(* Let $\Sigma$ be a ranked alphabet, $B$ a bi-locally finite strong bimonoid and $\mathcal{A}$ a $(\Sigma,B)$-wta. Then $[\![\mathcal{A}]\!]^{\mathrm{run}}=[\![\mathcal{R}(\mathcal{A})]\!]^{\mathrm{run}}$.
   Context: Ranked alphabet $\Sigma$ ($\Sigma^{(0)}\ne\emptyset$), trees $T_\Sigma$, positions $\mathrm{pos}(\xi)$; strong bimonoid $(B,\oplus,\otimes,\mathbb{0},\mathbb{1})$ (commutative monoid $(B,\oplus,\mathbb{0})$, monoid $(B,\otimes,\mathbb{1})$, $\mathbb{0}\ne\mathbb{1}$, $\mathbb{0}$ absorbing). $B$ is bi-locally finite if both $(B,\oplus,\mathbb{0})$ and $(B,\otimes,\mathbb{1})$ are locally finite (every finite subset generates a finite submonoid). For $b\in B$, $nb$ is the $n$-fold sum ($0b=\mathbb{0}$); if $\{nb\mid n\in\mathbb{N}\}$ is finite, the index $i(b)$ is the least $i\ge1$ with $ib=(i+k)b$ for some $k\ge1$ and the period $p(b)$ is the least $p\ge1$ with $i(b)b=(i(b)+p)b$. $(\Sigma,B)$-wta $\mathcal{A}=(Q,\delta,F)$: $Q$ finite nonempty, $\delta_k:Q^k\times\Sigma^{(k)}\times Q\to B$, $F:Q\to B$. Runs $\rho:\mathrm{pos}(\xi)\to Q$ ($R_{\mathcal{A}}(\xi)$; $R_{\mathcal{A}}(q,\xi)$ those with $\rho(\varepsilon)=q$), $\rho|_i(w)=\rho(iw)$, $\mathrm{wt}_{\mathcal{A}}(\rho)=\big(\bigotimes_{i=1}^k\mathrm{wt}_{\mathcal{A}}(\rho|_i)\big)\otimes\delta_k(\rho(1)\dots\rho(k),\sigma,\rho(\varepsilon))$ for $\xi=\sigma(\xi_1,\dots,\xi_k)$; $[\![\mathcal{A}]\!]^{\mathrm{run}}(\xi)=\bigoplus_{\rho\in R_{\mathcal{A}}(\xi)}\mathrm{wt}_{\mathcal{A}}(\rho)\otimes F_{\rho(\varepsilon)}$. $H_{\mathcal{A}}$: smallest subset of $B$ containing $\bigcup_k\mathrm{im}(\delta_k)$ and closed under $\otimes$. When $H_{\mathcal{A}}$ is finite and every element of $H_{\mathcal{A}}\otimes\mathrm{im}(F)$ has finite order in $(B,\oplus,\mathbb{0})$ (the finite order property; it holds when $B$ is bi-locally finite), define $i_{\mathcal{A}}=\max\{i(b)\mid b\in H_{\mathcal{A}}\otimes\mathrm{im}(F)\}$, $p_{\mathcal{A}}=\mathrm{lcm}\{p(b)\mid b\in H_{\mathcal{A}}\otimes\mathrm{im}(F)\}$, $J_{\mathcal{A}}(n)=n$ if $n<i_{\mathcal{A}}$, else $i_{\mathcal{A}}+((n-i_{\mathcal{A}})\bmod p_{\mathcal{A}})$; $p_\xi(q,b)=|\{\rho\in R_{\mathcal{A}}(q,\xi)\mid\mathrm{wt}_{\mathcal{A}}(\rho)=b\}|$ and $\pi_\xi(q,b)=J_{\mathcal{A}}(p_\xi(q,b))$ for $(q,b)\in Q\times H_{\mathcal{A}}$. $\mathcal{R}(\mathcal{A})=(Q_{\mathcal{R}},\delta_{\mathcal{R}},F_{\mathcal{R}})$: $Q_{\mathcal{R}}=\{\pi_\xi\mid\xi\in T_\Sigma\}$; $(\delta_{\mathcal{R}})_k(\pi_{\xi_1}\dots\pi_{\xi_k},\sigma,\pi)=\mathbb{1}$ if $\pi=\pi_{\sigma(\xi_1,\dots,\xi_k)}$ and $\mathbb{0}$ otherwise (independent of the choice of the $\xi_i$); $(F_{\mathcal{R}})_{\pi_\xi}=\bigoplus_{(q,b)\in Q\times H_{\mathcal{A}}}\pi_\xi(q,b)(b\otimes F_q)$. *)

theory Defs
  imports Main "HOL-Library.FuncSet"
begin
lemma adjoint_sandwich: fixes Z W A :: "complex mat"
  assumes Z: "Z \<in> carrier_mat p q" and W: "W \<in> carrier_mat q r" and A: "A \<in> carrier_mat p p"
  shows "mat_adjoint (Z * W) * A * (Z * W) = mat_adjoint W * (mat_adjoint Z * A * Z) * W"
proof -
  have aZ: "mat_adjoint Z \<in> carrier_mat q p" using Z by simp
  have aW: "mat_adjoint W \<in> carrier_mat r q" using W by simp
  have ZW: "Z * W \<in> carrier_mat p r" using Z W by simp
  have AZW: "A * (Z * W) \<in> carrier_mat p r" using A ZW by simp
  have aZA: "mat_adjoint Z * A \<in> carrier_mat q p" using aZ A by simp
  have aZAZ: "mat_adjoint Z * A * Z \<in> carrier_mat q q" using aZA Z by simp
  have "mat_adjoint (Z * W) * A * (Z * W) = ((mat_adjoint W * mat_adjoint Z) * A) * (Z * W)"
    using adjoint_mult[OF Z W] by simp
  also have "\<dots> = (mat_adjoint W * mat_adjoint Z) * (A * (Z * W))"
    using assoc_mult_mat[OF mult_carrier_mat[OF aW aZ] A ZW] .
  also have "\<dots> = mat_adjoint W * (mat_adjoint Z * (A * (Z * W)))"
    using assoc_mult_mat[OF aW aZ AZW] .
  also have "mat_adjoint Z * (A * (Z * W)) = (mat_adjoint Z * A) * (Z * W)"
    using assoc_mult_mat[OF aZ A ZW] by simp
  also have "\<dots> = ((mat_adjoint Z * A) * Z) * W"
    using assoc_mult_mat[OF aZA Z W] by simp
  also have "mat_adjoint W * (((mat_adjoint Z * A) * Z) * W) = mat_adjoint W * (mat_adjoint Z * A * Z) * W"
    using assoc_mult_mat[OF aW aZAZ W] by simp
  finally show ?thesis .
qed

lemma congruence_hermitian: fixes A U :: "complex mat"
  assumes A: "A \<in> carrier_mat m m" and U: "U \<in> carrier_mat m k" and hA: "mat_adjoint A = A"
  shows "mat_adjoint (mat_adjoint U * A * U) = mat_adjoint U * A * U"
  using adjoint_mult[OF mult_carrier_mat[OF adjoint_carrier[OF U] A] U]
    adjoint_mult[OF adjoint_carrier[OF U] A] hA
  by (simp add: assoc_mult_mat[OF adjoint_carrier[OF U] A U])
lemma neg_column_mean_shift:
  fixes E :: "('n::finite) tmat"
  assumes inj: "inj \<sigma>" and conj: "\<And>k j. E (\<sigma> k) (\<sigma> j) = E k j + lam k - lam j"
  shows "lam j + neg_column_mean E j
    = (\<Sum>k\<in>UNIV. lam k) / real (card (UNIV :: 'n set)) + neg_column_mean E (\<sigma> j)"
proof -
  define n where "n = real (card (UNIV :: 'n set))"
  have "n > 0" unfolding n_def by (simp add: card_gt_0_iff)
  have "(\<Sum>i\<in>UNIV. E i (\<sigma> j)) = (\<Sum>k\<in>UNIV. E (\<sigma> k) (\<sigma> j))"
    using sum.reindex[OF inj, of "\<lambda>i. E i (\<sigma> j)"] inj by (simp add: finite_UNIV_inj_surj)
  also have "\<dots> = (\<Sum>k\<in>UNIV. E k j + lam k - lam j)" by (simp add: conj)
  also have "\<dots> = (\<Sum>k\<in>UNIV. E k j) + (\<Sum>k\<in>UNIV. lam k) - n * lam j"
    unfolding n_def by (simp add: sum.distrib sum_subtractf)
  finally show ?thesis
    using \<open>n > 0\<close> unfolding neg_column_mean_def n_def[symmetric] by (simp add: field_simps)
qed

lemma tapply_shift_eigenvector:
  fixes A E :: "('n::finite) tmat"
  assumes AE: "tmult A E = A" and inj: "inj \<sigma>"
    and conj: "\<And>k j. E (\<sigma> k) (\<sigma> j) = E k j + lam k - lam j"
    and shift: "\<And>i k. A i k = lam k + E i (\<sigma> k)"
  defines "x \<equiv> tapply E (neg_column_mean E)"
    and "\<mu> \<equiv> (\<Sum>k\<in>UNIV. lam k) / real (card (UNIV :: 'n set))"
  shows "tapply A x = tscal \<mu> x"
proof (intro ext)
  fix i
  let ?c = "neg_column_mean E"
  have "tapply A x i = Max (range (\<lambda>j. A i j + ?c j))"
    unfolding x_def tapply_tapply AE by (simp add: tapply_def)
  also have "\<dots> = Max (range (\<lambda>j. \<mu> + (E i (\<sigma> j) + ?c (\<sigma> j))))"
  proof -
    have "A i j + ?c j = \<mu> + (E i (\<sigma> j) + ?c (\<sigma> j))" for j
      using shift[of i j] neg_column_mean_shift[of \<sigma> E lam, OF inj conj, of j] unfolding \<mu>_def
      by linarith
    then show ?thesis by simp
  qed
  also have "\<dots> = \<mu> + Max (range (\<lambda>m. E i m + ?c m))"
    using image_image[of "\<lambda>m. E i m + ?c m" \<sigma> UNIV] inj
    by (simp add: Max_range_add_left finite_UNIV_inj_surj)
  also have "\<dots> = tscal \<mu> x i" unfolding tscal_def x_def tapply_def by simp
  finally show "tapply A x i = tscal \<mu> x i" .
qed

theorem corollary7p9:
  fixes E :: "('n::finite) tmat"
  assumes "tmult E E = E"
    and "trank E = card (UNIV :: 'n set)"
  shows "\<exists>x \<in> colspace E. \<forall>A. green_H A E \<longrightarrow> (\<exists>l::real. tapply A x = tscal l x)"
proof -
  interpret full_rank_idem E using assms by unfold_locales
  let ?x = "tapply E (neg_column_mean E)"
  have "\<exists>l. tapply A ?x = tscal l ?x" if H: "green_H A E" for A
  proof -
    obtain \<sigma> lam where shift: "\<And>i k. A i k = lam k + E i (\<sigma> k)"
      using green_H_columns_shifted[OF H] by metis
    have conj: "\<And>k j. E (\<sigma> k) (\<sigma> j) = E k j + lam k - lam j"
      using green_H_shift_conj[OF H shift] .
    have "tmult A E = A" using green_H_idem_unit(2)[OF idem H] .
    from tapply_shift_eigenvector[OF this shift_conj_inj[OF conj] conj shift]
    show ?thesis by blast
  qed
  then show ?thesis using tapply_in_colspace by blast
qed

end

+ + + +

YOUR ASSIGNMENT: There is a line with "W * (((mat_adjoint" and a line with "unfolding x_def tapply_tapply" above. Copy exactly those two lines and all lines between them, with nothing else.

RESULT FOR THIS TASK:
  also have "mat_adjoint W * (((mat_adjoint Z * A) * Z) * W) = mat_adjoint W * (mat_adjoint Z * A * Z) * W"
    using assoc_mult_mat[OF aW aZAZ W] by simp
  finally show ?thesis .
qed

lemma congruence_hermitian: fixes A U :: "complex mat"
  assumes A: "A \<in> carrier_mat m m" and U: "U \<in> carrier_mat m k" and hA: "mat_adjoint A = A"
  shows "mat_adjoint (mat_adjoint U * A * U) = mat_adjoint U * A * U"
  using adjoint_mult[OF mult_carrier_mat[OF adjoint_carrier[OF U] A] U]
    adjoint_mult[OF adjoint_carrier[OF U] A] hA
  by (simp add: assoc_mult_mat[OF adjoint_carrier[OF U] A U])
lemma neg_column_mean_shift:
  fixes E :: "('n::finite) tmat"
  assumes inj: "inj \<sigma>" and conj: "\<And>k j. E (\<sigma> k) (\<sigma> j) = E k j + lam k - lam j"
  shows "lam j + neg_column_mean E j
    = (\<Sum>k\<in>UNIV. lam k) / real (card (UNIV :: 'n set)) + neg_column_mean E (\<sigma> j)"
proof -
  define n where "n = real (card (UNIV :: 'n set))"
  have "n > 0" unfolding n_def by (simp add: card_gt_0_iff)
  have "(\<Sum>i\<in>UNIV. E i (\<sigma> j)) = (\<Sum>k\<in>UNIV. E (\<sigma> k) (\<sigma> j))"
    using sum.reindex[OF inj, of "\<lambda>i. E i (\<sigma> j)"] inj by (simp add: finite_UNIV_inj_surj)
  also have "\<dots> = (\<Sum>k\<in>UNIV. E k j + lam k - lam j)" by (simp add: conj)
  also have "\<dots> = (\<Sum>k\<in>UNIV. E k j) + (\<Sum>k\<in>UNIV. lam k) - n * lam j"
    unfolding n_def by (simp add: sum.distrib sum_subtractf)
  finally show ?thesis
    using \<open>n > 0\<close> unfolding neg_column_mean_def n_def[symmetric] by (simp add: field_simps)
qed

lemma tapply_shift_eigenvector:
  fixes A E :: "('n::finite) tmat"
  assumes AE: "tmult A E = A" and inj: "inj \<sigma>"
    and conj: "\<And>k j. E (\<sigma> k) (\<sigma> j) = E k j + lam k - lam j"
    and shift: "\<And>i k. A i k = lam k + E i (\<sigma> k)"
  defines "x \<equiv> tapply E (neg_column_mean E)"
    and "\<mu> \<equiv> (\<Sum>k\<in>UNIV. lam k) / real (card (UNIV :: 'n set))"
  shows "tapply A x = tscal \<mu> x"
proof (intro ext)
  fix i
  let ?c = "neg_column_mean E"
  have "tapply A x i = Max (range (\<lambda>j. A i j + ?c j))"
    unfolding x_def tapply_tapply AE by (simp add: tapply_def)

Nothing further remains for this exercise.